▶ _THE DATA_:
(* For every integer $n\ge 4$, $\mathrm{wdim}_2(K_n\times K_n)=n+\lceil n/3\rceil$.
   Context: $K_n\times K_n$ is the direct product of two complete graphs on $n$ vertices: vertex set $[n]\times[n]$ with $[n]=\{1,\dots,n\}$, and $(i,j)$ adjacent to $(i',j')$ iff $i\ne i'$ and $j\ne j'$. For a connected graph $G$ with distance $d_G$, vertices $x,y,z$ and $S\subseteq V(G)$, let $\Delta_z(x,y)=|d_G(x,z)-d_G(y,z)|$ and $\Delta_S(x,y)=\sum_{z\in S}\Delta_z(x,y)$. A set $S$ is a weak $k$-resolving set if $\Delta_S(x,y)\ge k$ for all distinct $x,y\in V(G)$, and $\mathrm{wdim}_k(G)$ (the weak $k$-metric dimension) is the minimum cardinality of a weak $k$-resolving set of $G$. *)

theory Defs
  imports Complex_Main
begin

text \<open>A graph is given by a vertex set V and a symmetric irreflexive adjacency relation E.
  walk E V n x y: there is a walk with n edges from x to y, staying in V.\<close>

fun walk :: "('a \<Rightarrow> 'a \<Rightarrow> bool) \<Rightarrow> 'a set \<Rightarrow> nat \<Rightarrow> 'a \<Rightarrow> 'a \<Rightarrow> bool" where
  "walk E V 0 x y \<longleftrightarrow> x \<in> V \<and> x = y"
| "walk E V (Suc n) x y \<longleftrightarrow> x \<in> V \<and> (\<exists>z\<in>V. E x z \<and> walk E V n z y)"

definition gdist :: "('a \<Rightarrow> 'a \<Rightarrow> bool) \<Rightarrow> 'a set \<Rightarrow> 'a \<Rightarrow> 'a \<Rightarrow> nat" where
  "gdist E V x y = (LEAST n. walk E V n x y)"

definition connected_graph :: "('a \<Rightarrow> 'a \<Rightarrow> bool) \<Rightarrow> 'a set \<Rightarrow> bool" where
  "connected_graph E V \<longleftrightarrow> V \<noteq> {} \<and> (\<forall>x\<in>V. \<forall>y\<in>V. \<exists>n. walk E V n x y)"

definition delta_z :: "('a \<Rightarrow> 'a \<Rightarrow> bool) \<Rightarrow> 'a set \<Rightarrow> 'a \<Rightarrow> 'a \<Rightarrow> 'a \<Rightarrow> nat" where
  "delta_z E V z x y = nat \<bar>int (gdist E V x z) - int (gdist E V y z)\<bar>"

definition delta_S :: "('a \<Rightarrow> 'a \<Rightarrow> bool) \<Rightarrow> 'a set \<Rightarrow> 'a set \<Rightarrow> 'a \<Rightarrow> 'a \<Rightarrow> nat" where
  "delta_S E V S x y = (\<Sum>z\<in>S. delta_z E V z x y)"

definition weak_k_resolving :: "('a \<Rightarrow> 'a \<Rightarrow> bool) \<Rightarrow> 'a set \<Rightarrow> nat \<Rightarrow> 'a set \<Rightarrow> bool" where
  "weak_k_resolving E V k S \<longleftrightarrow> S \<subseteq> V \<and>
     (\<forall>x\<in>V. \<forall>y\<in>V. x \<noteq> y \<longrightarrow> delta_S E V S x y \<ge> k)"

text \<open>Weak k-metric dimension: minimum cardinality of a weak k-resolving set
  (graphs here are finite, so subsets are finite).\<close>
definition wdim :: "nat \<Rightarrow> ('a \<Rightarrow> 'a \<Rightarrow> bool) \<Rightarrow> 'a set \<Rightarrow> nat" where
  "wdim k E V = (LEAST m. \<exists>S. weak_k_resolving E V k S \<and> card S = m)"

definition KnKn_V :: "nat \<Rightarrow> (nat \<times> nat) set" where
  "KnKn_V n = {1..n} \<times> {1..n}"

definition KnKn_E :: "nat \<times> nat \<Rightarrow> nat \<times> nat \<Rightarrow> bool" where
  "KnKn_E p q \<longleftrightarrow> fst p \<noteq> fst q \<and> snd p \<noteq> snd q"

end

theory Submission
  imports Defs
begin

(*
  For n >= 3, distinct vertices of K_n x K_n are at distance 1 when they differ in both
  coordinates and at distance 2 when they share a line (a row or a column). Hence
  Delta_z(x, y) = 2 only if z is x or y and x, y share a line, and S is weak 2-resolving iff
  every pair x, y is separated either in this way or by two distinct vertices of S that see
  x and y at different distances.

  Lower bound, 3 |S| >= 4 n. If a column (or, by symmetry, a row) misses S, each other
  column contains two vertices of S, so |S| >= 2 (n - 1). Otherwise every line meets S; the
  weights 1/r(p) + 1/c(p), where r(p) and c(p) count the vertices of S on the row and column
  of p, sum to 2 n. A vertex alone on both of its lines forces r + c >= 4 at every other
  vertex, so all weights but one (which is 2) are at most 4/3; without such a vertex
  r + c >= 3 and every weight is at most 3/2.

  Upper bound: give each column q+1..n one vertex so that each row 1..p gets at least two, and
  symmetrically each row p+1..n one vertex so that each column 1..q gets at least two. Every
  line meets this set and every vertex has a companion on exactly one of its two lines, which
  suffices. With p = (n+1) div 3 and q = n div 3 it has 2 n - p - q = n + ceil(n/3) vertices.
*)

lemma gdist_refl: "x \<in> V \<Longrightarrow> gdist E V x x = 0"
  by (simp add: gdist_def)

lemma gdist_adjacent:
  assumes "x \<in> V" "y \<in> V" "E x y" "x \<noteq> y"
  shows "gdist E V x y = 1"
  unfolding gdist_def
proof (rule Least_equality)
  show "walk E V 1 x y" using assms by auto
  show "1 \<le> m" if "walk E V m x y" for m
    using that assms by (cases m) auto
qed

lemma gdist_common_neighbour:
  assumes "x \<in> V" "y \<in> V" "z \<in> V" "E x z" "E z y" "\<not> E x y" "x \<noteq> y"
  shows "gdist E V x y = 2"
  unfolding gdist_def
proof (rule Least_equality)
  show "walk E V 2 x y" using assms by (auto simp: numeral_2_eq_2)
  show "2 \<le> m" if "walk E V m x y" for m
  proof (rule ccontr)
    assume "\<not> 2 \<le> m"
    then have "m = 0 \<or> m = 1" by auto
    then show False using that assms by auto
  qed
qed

▶ _YOUR GOAL_: Copy out all of the records shown above exactly.

▶ _OUTPUT FOR THIS EXERCISE_:
(* For every integer $n\ge 4$, $\mathrm{wdim}_2(K_n\times K_n)=n+\lceil n/3\rceil$.
   Context: $K_n\times K_n$ is the direct product of two complete graphs on $n$ vertices: vertex set $[n]\times[n]$ with $[n]=\{1,\dots,n\}$, and $(i,j)$ adjacent to $(i',j')$ iff $i\ne i'$ and $j\ne j'$. For a connected graph $G$ with distance $d_G$, vertices $x,y,z$ and $S\subseteq V(G)$, let $\Delta_z(x,y)=|d_G(x,z)-d_G(y,z)|$ and $\Delta_S(x,y)=\sum_{z\in S}\Delta_z(x,y)$. A set $S$ is a weak $k$-resolving set if $\Delta_S(x,y)\ge k$ for all distinct $x,y\in V(G)$, and $\mathrm{wdim}_k(G)$ (the weak $k$-metric dimension) is the minimum cardinality of a weak $k$-resolving set of $G$. *)

theory Defs
  imports Complex_Main
begin

text \<open>A graph is given by a vertex set V and a symmetric irreflexive adjacency relation E.
  walk E V n x y: there is a walk with n edges from x to y, staying in V.\<close>

fun walk :: "('a \<Rightarrow> 'a \<Rightarrow> bool) \<Rightarrow> 'a set \<Rightarrow> nat \<Rightarrow> 'a \<Rightarrow> 'a \<Rightarrow> bool" where
  "walk E V 0 x y \<longleftrightarrow> x \<in> V \<and> x = y"
| "walk E V (Suc n) x y \<longleftrightarrow> x \<in> V \<and> (\<exists>z\<in>V. E x z \<and> walk E V n z y)"

definition gdist :: "('a \<Rightarrow> 'a \<Rightarrow> bool) \<Rightarrow> 'a set \<Rightarrow> 'a \<Rightarrow> 'a \<Rightarrow> nat" where
  "gdist E V x y = (LEAST n. walk E V n x y)"

definition connected_graph :: "('a \<Rightarrow> 'a \<Rightarrow> bool) \<Rightarrow> 'a set \<Rightarrow> bool" where
  "connected_graph E V \<longleftrightarrow> V \<noteq> {} \<and> (\<forall>x\<in>V. \<forall>y\<in>V. \<exists>n. walk E V n x y)"

definition delta_z :: "('a \<Rightarrow> 'a \<Rightarrow> bool) \<Rightarrow> 'a set \<Rightarrow> 'a \<Rightarrow> 'a \<Rightarrow> 'a \<Rightarrow> nat" where
  "delta_z E V z x y = nat \<bar>int (gdist E V x z) - int (gdist E V y z)\<bar>"

definition delta_S :: "('a \<Rightarrow> 'a \<Rightarrow> bool) \<Rightarrow> 'a set \<Rightarrow> 'a set \<Rightarrow> 'a \<Rightarrow> 'a \<Rightarrow> nat" where
  "delta_S E V S x y = (\<Sum>z\<in>S. delta_z E V z x y)"

definition weak_k_resolving :: "('a \<Rightarrow> 'a \<Rightarrow> bool) \<Rightarrow> 'a set \<Rightarrow> nat \<Rightarrow> 'a set \<Rightarrow> bool" where
  "weak_k_resolving E V k S \<longleftrightarrow> S \<subseteq> V \<and>
     (\<forall>x\<in>V. \<forall>y\<in>V. x \<noteq> y \<longrightarrow> delta_S E V S x y \<ge> k)"

text \<open>Weak k-metric dimension: minimum cardinality of a weak k-resolving set
  (graphs here are finite, so subsets are finite).\<close>
definition wdim :: "nat \<Rightarrow> ('a \<Rightarrow> 'a \<Rightarrow> bool) \<Rightarrow> 'a set \<Rightarrow> nat" where
  "wdim k E V = (LEAST m. \<exists>S. weak_k_resolving E V k S \<and> card S = m)"

definition KnKn_V :: "nat \<Rightarrow> (nat \<times> nat) set" where
  "KnKn_V n = {1..n} \<times> {1..n}"

definition KnKn_E :: "nat \<times> nat \<Rightarrow> nat \<times> nat \<Rightarrow> bool" where
  "KnKn_E p q \<longleftrightarrow> fst p \<noteq> fst q \<and> snd p \<noteq> snd q"

end

theory Submission
  imports Defs
begin

(*
  For n >= 3, distinct vertices of K_n x K_n are at distance 1 when they differ in both
  coordinates and at distance 2 when they share a line (a row or a column). Hence
  Delta_z(x, y) = 2 only if z is x or y and x, y share a line, and S is weak 2-resolving iff
  every pair x, y is separated either in this way or by two distinct vertices of S that see
  x and y at different distances.

  Lower bound, 3 |S| >= 4 n. If a column (or, by symmetry, a row) misses S, each other
  column contains two vertices of S, so |S| >= 2 (n - 1). Otherwise every line meets S; the
  weights 1/r(p) + 1/c(p), where r(p) and c(p) count the vertices of S on the row and column
  of p, sum to 2 n. A vertex alone on both of its lines forces r + c >= 4 at every other
  vertex, so all weights but one (which is 2) are at most 4/3; without such a vertex
  r + c >= 3 and every weight is at most 3/2.

  Upper bound: give each column q+1..n one vertex so that each row 1..p gets at least two, and
  symmetrically each row p+1..n one vertex so that each column 1..q gets at least two. Every
  line meets this set and every vertex has a companion on exactly one of its two lines, which
  suffices. With p = (n+1) div 3 and q = n div 3 it has 2 n - p - q = n + ceil(n/3) vertices.
*)

lemma gdist_refl: "x \<in> V \<Longrightarrow> gdist E V x x = 0"
  by (simp add: gdist_def)

lemma gdist_adjacent:
  assumes "x \<in> V" "y \<in> V" "E x y" "x \<noteq> y"
  shows "gdist E V x y = 1"
  unfolding gdist_def
proof (rule Least_equality)
  show "walk E V 1 x y" using assms by auto
  show "1 \<le> m" if "walk E V m x y" for m
    using that assms by (cases m) auto
qed

lemma gdist_common_neighbour:
  assumes "x \<in> V" "y \<in> V" "z \<in> V" "E x z" "E z y" "\<not> E x y" "x \<noteq> y"
  shows "gdist E V x y = 2"
  unfolding gdist_def
proof (rule Least_equality)
  show "walk E V 2 x y" using assms by (auto simp: numeral_2_eq_2)
  show "2 \<le> m" if "walk E V m x y" for m
  proof (rule ccontr)
    assume "\<not> 2 \<le> m"
    then have "m = 0 \<or> m = 1" by auto
    then show False using that assms by auto
  qed
qed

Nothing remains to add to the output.